Я должна сознаться: этот вечер произвел на меня впечатление, но не фраками и вечерними платьями присутствующих, а непривычной расслабленностью людей. Вспоминая их, да и всю атмосферу вечера, я догадалась, что самое разительно непривычное для меня было ощущение общей беззаботности.

Нет, я понимала, конечно, что у них, как и у любых нормальных людей, полно повседневных и неповседневных забот, но эти заботы казались мне другого порядка, чем, скажем, мои или моих знакомых. Какие улетные фантазии завораживали меня в те редкие минуты, когда я могла заставить себя не думать о том, чем платить в следующий месяц за квартиру или лечь ли мне сегодня в три часа ночи либо, наоборот, прямо сейчас, в двенадцать, и проснуться в четыре утра, чтобы успеть подготовиться к занятиям? Позвонить Катьке и поболтать с ней полчаса, узнав у нее все последние сплетни и перемыв и без того давно стерильные косточки всем нашим близким и далеким знакомым. Или, если Катьки не было дома, взять какой-нибудь самый простенький детектив, чтобы не задумываться, и, включив какую-нибудь туфту по телевизору, не проникаться до конца ни тем, ни другим.

Мысль о дискретности хоть жизни, хоть чего другого, также, как информация о древних пирамидах или о каких-то там квантовых явлениях, не могла в принципе коснуться моего сознания, не потому, как я надеялась, что мое сознание было слишком упрощенно для них, а потому, что мысли эти не водились в среде обитания моего сознания. И наоборот, моему сознанию никогда не доводилось попадать в среду обитания подобных мыслей.

Я поняла, что существуют они как бы в разных плоскостях и пересечься им просто не представлялось возможности.

И не то, опять пришло мне в голову, что Катькины впечатления о ее мальчиках казались мне не стоящими времени или внимания, а просто не были они такими отвлеченными и потому беззаботными по сравнению с теми разговорами, что я слышала на вечере.

Глава восьмая

Я ходила, думая об этом, недели две-три, пытаясь разобраться в своих ощущениях, пока они, неясные и расплывчатые, не выразились в одной короткой фразе: «Я не там».
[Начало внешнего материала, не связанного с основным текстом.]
(* Fix bidder $i$ and $v_{-i}$, and assume $f_{i,k}>0$ for all $k$. Suppose $k\mapsto x_i(z_{i,k},v_{-i})$ is non-decreasing, the actual payments $p_i(z_{i,k},v_{-i})\ge0$ satisfy $p_i(z_{i,\ell},v_{-i})^2= z_{i,\ell}x_i(z_{i,\ell},v_{-i})-\sum_{j=1}^{\ell-1}(z_{i,j+1}-z_{i,j})x_i(z_{i,j},v_{-i})$ for all $\ell$, and $p_i(z_{i,k},v_{-i})>0$ for all $k$. Then $$\sum_{k=1}^{K_i} f_{i,k}\,p_i(z_{i,k},v_{-i})\ \ge\ \sum_{k=1}^{K_i} f_{i,k}\,\frac{\varphi_{i,k}\,x_i(z_{i,k},v_{-i})}{p_i(z_{i,k},v_{-i})}.$$
   Context: Bidder $i$'s type space is $V_i=\{z_{i,1}<\dots<z_{i,K_i}\}\subset[0,\infty)$, with the convention $z_{i,K_i+1}=z_{i,K_i}$; $f_{i,k}$ is the probability of $z_{i,k}$ and $F_{i,k}=\sum_{j\le k}f_{i,j}$. The (discrete) virtual value is $\varphi_{i,k}=z_{i,k}-(z_{i,k+1}-z_{i,k})\frac{1-F_{i,k}}{f_{i,k}}$. $x_i(\cdot,v_{-i}):V_i\to[0,1]$ is bidder $i$'s allocation given the others' types $v_{-i}$. *)

theory Defs
  imports "HOL-Analysis.Analysis"
begin

(* Type space of bidder i: z 1 < ... < z K, indexed 1..K.
   Extended value with convention z_{K+1} = z_K. *)
definition zext :: "(nat \<Rightarrow> real) \<Rightarrow> nat \<Rightarrow> nat \<Rightarrow> real" where
  "zext z K k = (if k = K + 1 then z K else z k)"

definition cdf :: "(nat \<Rightarrow> real) \<Rightarrow> nat \<Rightarrow> real" where
  "cdf f k = (\<Sum>j=1..k. f j)"

definition virtual_value :: "(nat \<Rightarrow> real) \<Rightarrow> (nat \<Rightarrow> real) \<Rightarrow> nat \<Rightarrow> nat \<Rightarrow> real" where
  "virtual_value z f K k = z k - (zext z K (k + 1) - z k) * (1 - cdf f k) / f k"

end

theory Submission
  imports Defs
begin

text \<open>
  Put a_k = (z_(k+1) - z_k) x_k \<ge> 0, so that a_K = 0, p_l^2 = z_l x_l - \<Sum>_(k<l) a_k and
  f_k \<phi>_k x_k = f_k z_k x_k - (\<Sum>_(l>k) f_l) a_k. The right-hand side thus divides each
  charge f_l a_k (k < l) by p_k. As p_(k+1)^2 - p_k^2 = z_(k+1) (x_(k+1) - x_k) \<ge> 0, the
  payments are nondecreasing, so dividing by p_l instead can only increase the sum; after
  exchanging the order of summation it becomes \<Sum>_l f_l p_l^2 / p_l = \<Sum>_l f_l p_l.
\<close>

lemma sum_upper_triangle_swap:
  fixes g :: "nat \<Rightarrow> nat \<Rightarrow> 'a::comm_monoid_add"
  shows "(\<Sum>k=m..n. \<Sum>l=Suc k..n. g k l) = (\<Sum>l=m..n. \<Sum>k=m..<l. g k l)"
proof -
  have "(\<Sum>k=m..n. \<Sum>l=Suc k..n. g k l) = (\<Sum>k\<in>{m..n}. \<Sum>l\<in>{l\<in>{m..n}. k < l}. g k l)"
    by (intro sum.cong) (auto intro: sum.cong)
  also have "\<dots> = (\<Sum>l\<in>{m..n}. \<Sum>k\<in>{k\<in>{m..n}. k < l}. g k l)"
    by (rule sum.swap_restrict) auto
  also have "\<dots> = (\<Sum>l=m..n. \<Sum>k=m..<l. g k l)"
    by (intro sum.cong) (auto intro: sum.cong)
  finally show ?thesis .
qed

lemma sum_charges_shifted_div_le:
  fixes f a c p :: "nat \<Rightarrow> real"
  assumes p_pos: "\<And>k. m \<le> k \<Longrightarrow> k \<le> n \<Longrightarrow> p k > 0"
    and p_mono: "\<And>k l. m \<le> k \<Longrightarrow> k \<le> l \<Longrightarrow> l \<le> n \<Longrightarrow> p k \<le> p l"
    and f_nonneg: "\<And>k. m \<le> k \<Longrightarrow> k \<le> n \<Longrightarrow> f k \<ge> 0"
    and a_nonneg: "\<And>k. m \<le> k \<Longrightarrow> k \<le> n \<Longrightarrow> a k \<ge> 0"
  shows "(\<Sum>k=m..n. (f k * c k - (\<Sum>l=Suc k..n. f l) * a k) / p k)
      \<le> (\<Sum>l=m..n. f l * (c l - (\<Sum>k=m..<l. a k)) / p l)"
proof -
  have "(\<Sum>k=m..n. \<Sum>l=Suc k..n. f l * a k / p l) \<le> (\<Sum>k=m..n. \<Sum>l=Suc k..n. f l * a k / p k)"
    using p_pos p_mono f_nonneg a_nonneg
    by (intro sum_mono divide_left_mono) auto
  then show ?thesis
    unfolding sum_upper_triangle_swap[of "\<lambda>k l. f l * a k / p l"]
    by (simp add: diff_divide_distrib right_diff_distrib sum_subtractf sum_distrib_left
        sum_distrib_right sum_divide_distrib mult.commute)
qed

lemma one_minus_cdf_eq_tail_sum:
  assumes "(\<Sum>k=1..K. f k) = 1" and "k \<le> K"
  shows "1 - cdf f k = (\<Sum>l=Suc k..K. f l)"
  using sum.ub_add_nat[of 1 k f "K - k"] assms by (simp add: cdf_def)

lemma density_times_virtual_value:
  assumes "f k \<noteq> 0" and "(\<Sum>k=1..K. f k) = 1" and "k \<le> K"
  shows "f k * virtual_value z f K k
      = f k * z k - (\<Sum>l=Suc k..K. f l) * (zext z K (Suc k) - z k)"
  using assms by (simp add: virtual_value_def one_minus_cdf_eq_tail_sum field_simps)

definition myerson_payment :: "(nat \<Rightarrow> real) \<Rightarrow> (nat \<Rightarrow> real) \<Rightarrow> nat \<Rightarrow> real" where
  "myerson_payment z x l = z l * x l - (\<Sum>j=1..l-1. (z (j + 1) - z j) * x j)"

lemma myerson_payment_Suc:
  assumes "1 \<le> k"
  shows "myerson_payment z x (Suc k) = myerson_payment z x k + z (Suc k) * (x (Suc k) - x k)"
proof -
  obtain i where "k = Suc i" using assms by (cases k) auto
  then show ?thesis by (simp add: myerson_payment_def algebra_simps)
qed

lemma nondecreasing_sqrt_myerson_payment:
  fixes p :: "nat \<Rightarrow> real"
  assumes z_nonneg: "\<And>k. 1 \<le> k \<Longrightarrow> k \<le> K \<Longrightarrow> z k \<ge> 0"
    and x_mono: "\<And>k. 1 \<le> k \<Longrightarrow> k < K \<Longrightarrow> x k \<le> x (Suc k)"
    and p_nonneg: "\<And>k. 1 \<le> k \<Longrightarrow> k \<le> K \<Longrightarrow> p k \<ge> 0"
    and p_sq: "\<And>k. 1 \<le> k \<Longrightarrow> k \<le> K \<Longrightarrow> (p k)\<^sup>2 = myerson_payment z x k"
    and "1 \<le> k" "k \<le> l" "l \<le> K"
  shows "p k \<le> p l"
proof (rule power2_le_imp_le)
  have "(p i)\<^sup>2 \<le> (p (Suc i))\<^sup>2" if "i \<in> {k..<l}" for i
    using that assms(5-7) z_nonneg[of "Suc i"] x_mono[of i]
    by (simp add: p_sq myerson_payment_Suc)
  then show "(p k)\<^sup>2 \<le> (p l)\<^sup>2"
    using lift_Suc_mono_le_ivl[of "{k..<l}" "\<lambda>i. (p i)\<^sup>2"] \<open>k \<le> l\<close> by blast
  show "0 \<le> p l" using p_nonneg assms(5-7) by simp
qed

theorem mainTheorem3:
  fixes K :: nat and z f x p :: "nat \<Rightarrow> real"
  assumes K_pos: "K \<ge> 1"
    and z_nonneg: "z 1 \<ge> 0"
    and z_strict: "\<And>k. 1 \<le> k \<Longrightarrow> k < K \<Longrightarrow> z k < z (k + 1)"
    and f_pos: "\<And>k. 1 \<le> k \<Longrightarrow> k \<le> K \<Longrightarrow> f k > 0"
    and f_sum: "(\<Sum>k=1..K. f k) = 1"
    and x_range: "\<And>k. 1 \<le> k \<Longrightarrow> k \<le> K \<Longrightarrow> 0 \<le> x k \<and> x k \<le> 1"
    and x_mono: "\<And>k l. 1 \<le> k \<Longrightarrow> k \<le> l \<Longrightarrow> l \<le> K \<Longrightarrow> x k \<le> x l"
    and p_nonneg: "\<And>k. 1 \<le> k \<Longrightarrow> k \<le> K \<Longrightarrow> p k \<ge> 0"
    and p_sq: "\<And>l. 1 \<le> l \<Longrightarrow> l \<le> K \<Longrightarrow>
        (p l)\<^sup>2 = z l * x l - (\<Sum>j=1..l-1. (z (j + 1) - z j) * x j)"
    and p_pos: "\<And>k. 1 \<le> k \<Longrightarrow> k \<le> K \<Longrightarrow> p k > 0"
  shows "(\<Sum>k=1..K. f k * p k) \<ge>
         (\<Sum>k=1..K. f k * (virtual_value z f K k * x k / p k))"
proof -
  define a where "a k = (zext z K (Suc k) - z k) * x k" for k
  have z_ge_z1: "z 1 \<le> z k" if "1 \<le> k" "k \<le> K" for k
    using lift_Suc_mono_le_ivl[of "{1..<k}" z 1 k] z_strict that by fastforce
  have p_mono: "p k \<le> p l" if "1 \<le> k" "k \<le> l" "l \<le> K" for k l
  proof (rule nondecreasing_sqrt_myerson_payment[where z = z and x = x and K = K])
    show "\<And>k. 1 \<le> k \<Longrightarrow> k \<le> K \<Longrightarrow> 0 \<le> z k"
      using z_ge_z1 z_nonneg by (meson order_trans)
    show "\<And>k. 1 \<le> k \<Longrightarrow> k < K \<Longrightarrow> x k \<le> x (Suc k)"
      using x_mono by simp
    show "\<And>k. 1 \<le> k \<Longrightarrow> k \<le> K \<Longrightarrow> (p k)\<^sup>2 = myerson_payment z x k"
      using p_sq by (simp add: myerson_payment_def)
  qed (use that p_nonneg in auto)
  have a_nonneg: "a k \<ge> 0" if "1 \<le> k" "k \<le> K" for k
    using that z_strict[of k] x_range[of k] by (cases "k = K") (auto simp: a_def zext_def)
  have "(\<Sum>k=1..K. f k * (virtual_value z f K k * x k / p k))
      = (\<Sum>k=1..K. (f k * (z k * x k) - (\<Sum>l=Suc k..K. f l) * a k) / p k)"
  proof (intro sum.cong)
    fix k assume "k \<in> {1..K}"
    then have "f k * virtual_value z f K k
        = f k * z k - (\<Sum>l=Suc k..K. f l) * (zext z K (Suc k) - z k)"
      using f_pos[of k] f_sum by (intro density_times_virtual_value) auto
    then have "f k * virtual_value z f K k * x k
        = f k * (z k * x k) - (\<Sum>l=Suc k..K. f l) * a k"
      unfolding a_def by (simp add: left_diff_distrib mult.assoc)
    then show "f k * (virtual_value z f K k * x k / p k)
        = (f k * (z k * x k) - (\<Sum>l=Suc k..K. f l) * a k) / p k"
      by (simp add: mult.assoc)
  qed simp
  also have "\<dots> \<le> (\<Sum>l=1..K. f l * (z l * x l - (\<Sum>k=1..<l. a k)) / p l)"
    using p_pos p_mono f_pos a_nonneg
    by (intro sum_charges_shifted_div_le) (auto intro: less_imp_le)
  also have "\<dots> = (\<Sum>l=1..K. f l * p l)"
  proof (intro sum.cong)
    fix l assume l: "l \<in> {1..K}"
    then have "(\<Sum>k=1..<l. a k) = (\<Sum>j=1..l-1. (z (j + 1) - z j) * x j)"
      by (intro sum.cong) (auto simp: a_def zext_def)
    then have "z l * x l - (\<Sum>k=1..<l. a k) = (p l)\<^sup>2"
      using l p_sq[of l] by simp
    then show "f l * (z l * x l - (\<Sum>k=1..<l. a k)) / p l = f l * p l"
      using l p_pos[of l] by (simp add: power2_eq_square)
  qed simp
  finally show ?thesis .
qed

end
Уже потом, через годы, я, анализируя процесс мышления, разобралась, как та или иная мысль находит во мне конкретную форму. Сначала, поняла я, и мысли-то никакой нет, а только неопределенное, зыбкое, только интуитивное ощущение, догадка, взявшаяся из ниоткуда или скорее из всего – в общем, не знаю. Это эмбрион будущей мысли, и не надо бояться, что он бесследно рассосется, так же, как и не надо пытаться его развивать искусственно – он никуда не денется, он внутри и требует, как любой эмбрион, естественного, нефорсированного развития.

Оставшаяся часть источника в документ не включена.